##### Exercise data

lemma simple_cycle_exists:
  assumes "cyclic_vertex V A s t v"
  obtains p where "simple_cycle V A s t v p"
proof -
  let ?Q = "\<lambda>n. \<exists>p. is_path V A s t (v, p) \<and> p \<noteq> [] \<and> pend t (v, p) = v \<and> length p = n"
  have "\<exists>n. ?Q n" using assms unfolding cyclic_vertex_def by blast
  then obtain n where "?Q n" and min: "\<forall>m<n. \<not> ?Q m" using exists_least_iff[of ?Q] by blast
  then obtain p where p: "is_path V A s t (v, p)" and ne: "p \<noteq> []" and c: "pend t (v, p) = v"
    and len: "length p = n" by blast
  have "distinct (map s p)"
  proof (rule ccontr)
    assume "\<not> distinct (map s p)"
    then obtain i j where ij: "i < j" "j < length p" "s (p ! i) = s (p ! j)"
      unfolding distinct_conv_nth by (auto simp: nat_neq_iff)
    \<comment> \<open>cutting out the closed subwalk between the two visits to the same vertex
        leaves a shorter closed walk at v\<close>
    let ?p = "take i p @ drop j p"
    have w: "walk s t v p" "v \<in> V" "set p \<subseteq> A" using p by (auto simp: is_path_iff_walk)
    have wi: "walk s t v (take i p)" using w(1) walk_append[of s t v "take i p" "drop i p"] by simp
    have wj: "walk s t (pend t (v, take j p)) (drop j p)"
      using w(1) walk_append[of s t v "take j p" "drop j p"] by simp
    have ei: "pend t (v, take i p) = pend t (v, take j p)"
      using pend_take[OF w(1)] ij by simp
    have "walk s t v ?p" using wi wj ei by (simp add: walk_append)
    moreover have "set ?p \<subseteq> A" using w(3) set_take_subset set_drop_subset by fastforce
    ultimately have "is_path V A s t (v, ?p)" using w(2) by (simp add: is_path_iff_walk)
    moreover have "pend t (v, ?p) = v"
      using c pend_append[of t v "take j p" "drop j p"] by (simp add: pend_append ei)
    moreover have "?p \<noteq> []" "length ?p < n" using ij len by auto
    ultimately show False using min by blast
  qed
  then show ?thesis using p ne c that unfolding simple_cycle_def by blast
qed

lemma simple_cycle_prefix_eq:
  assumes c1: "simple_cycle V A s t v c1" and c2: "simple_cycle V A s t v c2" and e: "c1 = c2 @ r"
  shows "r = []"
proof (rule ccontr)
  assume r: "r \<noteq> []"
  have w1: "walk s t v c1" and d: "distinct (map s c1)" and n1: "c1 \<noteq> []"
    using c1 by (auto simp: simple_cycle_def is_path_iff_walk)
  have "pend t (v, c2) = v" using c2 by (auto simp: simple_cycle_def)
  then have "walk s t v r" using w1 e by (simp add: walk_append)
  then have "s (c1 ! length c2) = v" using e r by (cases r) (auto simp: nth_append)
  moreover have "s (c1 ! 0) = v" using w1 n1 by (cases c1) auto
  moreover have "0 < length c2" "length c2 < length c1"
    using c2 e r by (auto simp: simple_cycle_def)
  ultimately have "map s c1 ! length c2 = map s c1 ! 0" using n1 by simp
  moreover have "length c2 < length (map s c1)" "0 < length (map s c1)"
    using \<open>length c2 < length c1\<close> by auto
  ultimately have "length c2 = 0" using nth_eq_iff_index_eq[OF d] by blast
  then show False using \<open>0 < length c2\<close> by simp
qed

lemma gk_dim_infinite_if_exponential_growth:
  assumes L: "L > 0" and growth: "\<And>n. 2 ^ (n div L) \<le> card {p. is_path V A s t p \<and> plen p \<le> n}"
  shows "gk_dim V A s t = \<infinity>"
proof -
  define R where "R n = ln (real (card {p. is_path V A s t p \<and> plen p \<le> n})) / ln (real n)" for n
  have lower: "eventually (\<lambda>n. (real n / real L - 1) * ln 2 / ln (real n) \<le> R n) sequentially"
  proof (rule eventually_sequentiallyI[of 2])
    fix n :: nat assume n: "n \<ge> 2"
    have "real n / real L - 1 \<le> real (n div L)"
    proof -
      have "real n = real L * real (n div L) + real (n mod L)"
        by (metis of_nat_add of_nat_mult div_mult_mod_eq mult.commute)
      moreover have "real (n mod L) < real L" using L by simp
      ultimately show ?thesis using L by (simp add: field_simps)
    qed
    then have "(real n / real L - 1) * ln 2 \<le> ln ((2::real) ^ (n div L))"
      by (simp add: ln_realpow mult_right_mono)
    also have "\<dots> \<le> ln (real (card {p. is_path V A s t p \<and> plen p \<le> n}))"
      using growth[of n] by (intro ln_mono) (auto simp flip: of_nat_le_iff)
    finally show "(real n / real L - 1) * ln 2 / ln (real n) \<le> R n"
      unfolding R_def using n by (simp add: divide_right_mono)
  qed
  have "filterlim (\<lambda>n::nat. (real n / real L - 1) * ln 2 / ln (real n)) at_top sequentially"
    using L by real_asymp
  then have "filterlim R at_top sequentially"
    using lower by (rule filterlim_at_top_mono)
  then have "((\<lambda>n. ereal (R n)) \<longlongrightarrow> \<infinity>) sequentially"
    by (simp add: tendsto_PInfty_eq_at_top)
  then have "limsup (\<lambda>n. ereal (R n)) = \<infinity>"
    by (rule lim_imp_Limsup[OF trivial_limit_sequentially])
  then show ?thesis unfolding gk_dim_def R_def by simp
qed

##########

→ Task to complete: Write the entries out once more, exactly as given.

→ Solution for this task:
lemma simple_cycle_exists:
  assumes "cyclic_vertex V A s t v"
  obtains p where "simple_cycle V A s t v p"
proof -
  let ?Q = "\<lambda>n. \<exists>p. is_path V A s t (v, p) \<and> p \<noteq> [] \<and> pend t (v, p) = v \<and> length p = n"
  have "\<exists>n. ?Q n" using assms unfolding cyclic_vertex_def by blast
  then obtain n where "?Q n" and min: "\<forall>m<n. \<not> ?Q m" using exists_least_iff[of ?Q] by blast
  then obtain p where p: "is_path V A s t (v, p)" and ne: "p \<noteq> []" and c: "pend t (v, p) = v"
    and len: "length p = n" by blast
  have "distinct (map s p)"
  proof (rule ccontr)
    assume "\<not> distinct (map s p)"
    then obtain i j where ij: "i < j" "j < length p" "s (p ! i) = s (p ! j)"
      unfolding distinct_conv_nth by (auto simp: nat_neq_iff)
    \<comment> \<open>cutting out the closed subwalk between the two visits to the same vertex
        leaves a shorter closed walk at v\<close>
    let ?p = "take i p @ drop j p"
    have w: "walk s t v p" "v \<in> V" "set p \<subseteq> A" using p by (auto simp: is_path_iff_walk)
    have wi: "walk s t v (take i p)" using w(1) walk_append[of s t v "take i p" "drop i p"] by simp
    have wj: "walk s t (pend t (v, take j p)) (drop j p)"
      using w(1) walk_append[of s t v "take j p" "drop j p"] by simp
    have ei: "pend t (v, take i p) = pend t (v, take j p)"
      using pend_take[OF w(1)] ij by simp
    have "walk s t v ?p" using wi wj ei by (simp add: walk_append)
    moreover have "set ?p \<subseteq> A" using w(3) set_take_subset set_drop_subset by fastforce
    ultimately have "is_path V A s t (v, ?p)" using w(2) by (simp add: is_path_iff_walk)
    moreover have "pend t (v, ?p) = v"
      using c pend_append[of t v "take j p" "drop j p"] by (simp add: pend_append ei)
    moreover have "?p \<noteq> []" "length ?p < n" using ij len by auto
    ultimately show False using min by blast
  qed
  then show ?thesis using p ne c that unfolding simple_cycle_def by blast
qed

lemma simple_cycle_prefix_eq:
  assumes c1: "simple_cycle V A s t v c1" and c2: "simple_cycle V A s t v c2" and e: "c1 = c2 @ r"
  shows "r = []"
proof (rule ccontr)
  assume r: "r \<noteq> []"
  have w1: "walk s t v c1" and d: "distinct (map s c1)" and n1: "c1 \<noteq> []"
    using c1 by (auto simp: simple_cycle_def is_path_iff_walk)
  have "pend t (v, c2) = v" using c2 by (auto simp: simple_cycle_def)
  then have "walk s t v r" using w1 e by (simp add: walk_append)
  then have "s (c1 ! length c2) = v" using e r by (cases r) (auto simp: nth_append)
  moreover have "s (c1 ! 0) = v" using w1 n1 by (cases c1) auto
  moreover have "0 < length c2" "length c2 < length c1"
    using c2 e r by (auto simp: simple_cycle_def)
  ultimately have "map s c1 ! length c2 = map s c1 ! 0" using n1 by simp
  moreover have "length c2 < length (map s c1)" "0 < length (map s c1)"
    using \<open>length c2 < length c1\<close> by auto
  ultimately have "length c2 = 0" using nth_eq_iff_index_eq[OF d] by blast
  then show False using \<open>0 < length c2\<close> by simp
qed

lemma gk_dim_infinite_if_exponential_growth:
  assumes L: "L > 0" and growth: "\<And>n. 2 ^ (n div L) \<le> card {p. is_path V A s t p \<and> plen p \<le> n}"
  shows "gk_dim V A s t = \<infinity>"
proof -
  define R where "R n = ln (real (card {p. is_path V A s t p \<and> plen p \<le> n})) / ln (real n)" for n
  have lower: "eventually (\<lambda>n. (real n / real L - 1) * ln 2 / ln (real n) \<le> R n) sequentially"
  proof (rule eventually_sequentiallyI[of 2])
    fix n :: nat assume n: "n \<ge> 2"
    have "real n / real L - 1 \<le> real (n div L)"
    proof -
      have "real n = real L * real (n div L) + real (n mod L)"
        by (metis of_nat_add of_nat_mult div_mult_mod_eq mult.commute)
      moreover have "real (n mod L) < real L" using L by simp
      ultimately show ?thesis using L by (simp add: field_simps)
    qed
    then have "(real n / real L - 1) * ln 2 \<le> ln ((2::real) ^ (n div L))"
      by (simp add: ln_realpow mult_right_mono)
    also have "\<dots> \<le> ln (real (card {p. is_path V A s t p \<and> plen p \<le> n}))"
      using growth[of n] by (intro ln_mono) (auto simp flip: of_nat_le_iff)
    finally show "(real n / real L - 1) * ln 2 / ln (real n) \<le> R n"
      unfolding R_def using n by (simp add: divide_right_mono)
  qed
  have "filterlim (\<lambda>n::nat. (real n / real L - 1) * ln 2 / ln (real n)) at_top sequentially"
    using L by real_asymp
  then have "filterlim R at_top sequentially"
    using lower by (rule filterlim_at_top_mono)
  then have "((\<lambda>n. ereal (R n)) \<longlongrightarrow> \<infinity>) sequentially"
    by (simp add: tendsto_PInfty_eq_at_top)
  then have "limsup (\<lambda>n. ereal (R n)) = \<infinity>"
    by (rule lim_imp_Limsup[OF trivial_limit_sequentially])
  then show ?thesis unfolding gk_dim_def R_def by simp
qed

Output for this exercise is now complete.